As the island is a rock of just over a square kilometre, it did not represent any interest for the powers involved in the colonisation of the Americas and, for centuries, it was a refuge for pirates.

In the 1860s, deposits of phosphate derived from seabird guano were discovered on Redonda, leading to commercial mining operations employing labourers from nearby Montserrat. The island was subsequently annexed to the British colony of Antigua (1869) in order to regulate extraction of these resources, and its incorporation was formalised by the Redonda Annexation Act of 1872.

During the decades after the 1860s, the rich guano deposits of Redonda were mined for fertiliser, with an annual yield of up to 7,000 tons. Only during this time was the island inhabited by workers; the population was 120 in 1901. After the guano mining, aluminium phosphate for gunpowder production was discovered and mined. A cableway was constructed to transport material down to the loading pier on the coast.
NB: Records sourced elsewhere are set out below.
theorem lemma4p1:
  "\<exists>c::real. c > 0 \<and>
    (\<forall>(\<tau>::real) (K::real) (C::real) (li::quat) (lj::quat) (lk::quat) (ll::quat)
        (Ai::quat set) (Aj::quat set) (Ak::quat set) (Al::quat set).
       \<tau> \<ge> 1 \<and> K \<ge> 1 \<and> C \<ge> 1 \<and>
       li \<noteq> lj \<and> lk \<noteq> ll \<and> {li, lj} \<noteq> {lk, ll} \<and>
       (\<forall>X \<in> {Ai, Aj, Ak, Al}. finite X \<and> real (card X) \<le> C * \<tau> \<and>
            real (additive_energy X) \<le> C * \<tau> ^ 3 / K)
       \<longrightarrow> real (card (twisted_sumset Ai Aj li lj \<inter> twisted_sumset Ak Al lk ll))
             \<le> c * C * \<tau> ^ 2 / sqrt K)"
proof (intro exI[of _ 1] conjI allI impI)
  fix \<tau> K C :: real and li lj lk ll :: quat and Ai Aj Ak Al :: "quat set"
  assume "\<tau> \<ge> 1 \<and> K \<ge> 1 \<and> C \<ge> 1 \<and> li \<noteq> lj \<and> lk \<noteq> ll \<and> {li, lj} \<noteq> {lk, ll} \<and>
    (\<forall>X \<in> {Ai, Aj, Ak, Al}. finite X \<and> real (card X) \<le> C * \<tau> \<and>
       real (additive_energy X) \<le> C * \<tau> ^ 3 / K)"
  then have params: "\<tau> \<ge> 1" "K \<ge> 1" "C \<ge> 1"
    and distinct: "li \<noteq> lj" "lk \<noteq> ll" "{li, lj} \<noteq> {lk, ll}"
    and sets: "\<forall>X \<in> {Ai, Aj, Ak, Al}. finite X \<and> real (card X) \<le> C * \<tau> \<and>
       real (additive_energy X) \<le> C * \<tau> ^ 3 / K"
    by auto
  have "real (card (twisted_sumset Ai Aj li lj \<inter> twisted_sumset Ak Al lk ll))
      \<le> sqrt (C * \<tau> * (C * \<tau> ^ 3 / K))"
  proof (cases "lk \<noteq> lj \<and> ll \<noteq> lj")
    case True
    then show ?thesis
      using distinct sets by (intro card_twisted_inter_le_sqrt) auto
  next
    case False
    then have "lk \<noteq> li" "ll \<noteq> li"
      using distinct by auto
    then show ?thesis
      using distinct sets unfolding twisted_sumset_swap[of Ai]
      by (intro card_twisted_inter_le_sqrt) auto
  qed
  also have "\<dots> = sqrt ((C * \<tau> ^ 2) ^ 2 / K)"
    by (simp add: power2_eq_square power3_eq_cube mult_ac)
  also have "\<dots> = C * \<tau> ^ 2 / sqrt K"
    using params by (simp add: real_sqrt_divide)
  finally show "real (card (twisted_sumset Ai Aj li lj \<inter> twisted_sumset Ak Al lk ll))
      \<le> 1 * C * \<tau> ^ 2 / sqrt K" by simp
qed simp

end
In 1914, during the First World War, the mining operations ceased, and most workers left the island. Maintenance workers remained on the island until 1929, when a hurricane destroyed almost all the remaining facilities. The island has remained uninhabited since then. Two stone huts still stand from the time when the island was occupied. Although the closest island to Redonda is Montserrat, and the second closest is Nevis, in 1967 Redonda became a dependency of the more distant Antigua, now part of Antigua and Barbuda.

Scientists from the Montserrat Volcano Observatory visit the island in a helicopter periodically; they are using Redonda as an observation point from which to take measurements of the Soufrière Hills, an active volcano on Montserrat.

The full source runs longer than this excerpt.